● **WHAT TO DO**: A complete, exact retyping of the data below is required.

● **MATERIAL SHOWN**:
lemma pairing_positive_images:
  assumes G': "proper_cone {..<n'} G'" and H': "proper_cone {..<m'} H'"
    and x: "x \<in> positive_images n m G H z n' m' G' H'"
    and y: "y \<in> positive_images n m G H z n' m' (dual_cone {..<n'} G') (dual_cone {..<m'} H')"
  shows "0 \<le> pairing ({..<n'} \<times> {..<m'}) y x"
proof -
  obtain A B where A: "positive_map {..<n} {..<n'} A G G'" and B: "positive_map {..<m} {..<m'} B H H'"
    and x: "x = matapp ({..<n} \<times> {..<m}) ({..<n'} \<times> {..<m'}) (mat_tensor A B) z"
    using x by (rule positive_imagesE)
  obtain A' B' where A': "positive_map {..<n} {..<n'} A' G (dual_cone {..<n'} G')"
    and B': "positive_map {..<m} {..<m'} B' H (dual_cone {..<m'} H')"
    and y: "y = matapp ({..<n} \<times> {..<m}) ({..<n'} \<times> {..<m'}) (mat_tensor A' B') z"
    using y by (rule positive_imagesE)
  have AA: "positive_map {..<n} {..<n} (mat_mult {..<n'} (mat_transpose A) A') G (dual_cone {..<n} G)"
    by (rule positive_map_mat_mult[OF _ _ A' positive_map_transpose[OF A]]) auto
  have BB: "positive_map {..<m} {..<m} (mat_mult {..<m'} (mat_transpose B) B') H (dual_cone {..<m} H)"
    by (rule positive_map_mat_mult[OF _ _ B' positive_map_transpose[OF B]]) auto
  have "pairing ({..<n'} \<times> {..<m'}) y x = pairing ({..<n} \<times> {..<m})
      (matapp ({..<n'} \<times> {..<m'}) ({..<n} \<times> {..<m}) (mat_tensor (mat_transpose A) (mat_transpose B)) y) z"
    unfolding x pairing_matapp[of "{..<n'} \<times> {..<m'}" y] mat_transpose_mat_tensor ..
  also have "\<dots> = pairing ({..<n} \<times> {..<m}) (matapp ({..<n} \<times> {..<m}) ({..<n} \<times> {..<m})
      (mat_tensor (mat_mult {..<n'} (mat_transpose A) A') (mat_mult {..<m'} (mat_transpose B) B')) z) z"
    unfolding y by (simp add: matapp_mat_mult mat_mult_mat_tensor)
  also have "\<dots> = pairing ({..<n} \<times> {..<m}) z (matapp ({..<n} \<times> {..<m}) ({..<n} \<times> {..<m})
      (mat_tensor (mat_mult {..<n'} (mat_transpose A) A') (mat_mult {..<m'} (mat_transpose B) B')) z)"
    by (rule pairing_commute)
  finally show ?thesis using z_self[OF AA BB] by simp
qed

● **COMPLETED TASK**:
lemma pairing_positive_images:
  assumes G': "proper_cone {..<n'} G'" and H': "proper_cone {..<m'} H'"
    and x: "x \<in> positive_images n m G H z n' m' G' H'"
    and y: "y \<in> positive_images n m G H z n' m' (dual_cone {..<n'} G') (dual_cone {..<m'} H')"
  shows "0 \<le> pairing ({..<n'} \<times> {..<m'}) y x"
proof -
  obtain A B where A: "positive_map {..<n} {..<n'} A G G'" and B: "positive_map {..<m} {..<m'} B H H'"
    and x: "x = matapp ({..<n} \<times> {..<m}) ({..<n'} \<times> {..<m'}) (mat_tensor A B) z"
    using x by (rule positive_imagesE)
  obtain A' B' where A': "positive_map {..<n} {..<n'} A' G (dual_cone {..<n'} G')"
    and B': "positive_map {..<m} {..<m'} B' H (dual_cone {..<m'} H')"
    and y: "y = matapp ({..<n} \<times> {..<m}) ({..<n'} \<times> {..<m'}) (mat_tensor A' B') z"
    using y by (rule positive_imagesE)
  have AA: "positive_map {..<n} {..<n} (mat_mult {..<n'} (mat_transpose A) A') G (dual_cone {..<n} G)"
    by (rule positive_map_mat_mult[OF _ _ A' positive_map_transpose[OF A]]) auto
  have BB: "positive_map {..<m} {..<m} (mat_mult {..<m'} (mat_transpose B) B') H (dual_cone {..<m} H)"
    by (rule positive_map_mat_mult[OF _ _ B' positive_map_transpose[OF B]]) auto
  have "pairing ({..<n'} \<times> {..<m'}) y x = pairing ({..<n} \<times> {..<m})
      (matapp ({..<n'} \<times> {..<m'}) ({..<n} \<times> {..<m}) (mat_tensor (mat_transpose A) (mat_transpose B)) y) z"
    unfolding x pairing_matapp[of "{..<n'} \<times> {..<m'}" y] mat_transpose_mat_tensor ..
  also have "\<dots> = pairing ({..<n} \<times> {..<m}) (matapp ({..<n} \<times> {..<m}) ({..<n} \<times> {..<m})
      (mat_tensor (mat_mult {..<n'} (mat_transpose A) A') (mat_mult {..<m'} (mat_transpose B) B')) z) z"
    unfolding y by (simp add: matapp_mat_mult mat_mult_mat_tensor)
  also have "\<dots> = pairing ({..<n} \<times> {..<m}) z (matapp ({..<n} \<times> {..<m}) ({..<n} \<times> {..<m})
      (mat_tensor (mat_mult {..<n'} (mat_transpose A) A') (mat_mult {..<m'} (mat_transpose B) B')) z)"
    by (rule pairing_commute)
  finally show ?thesis using z_self[OF AA BB] by simp
qed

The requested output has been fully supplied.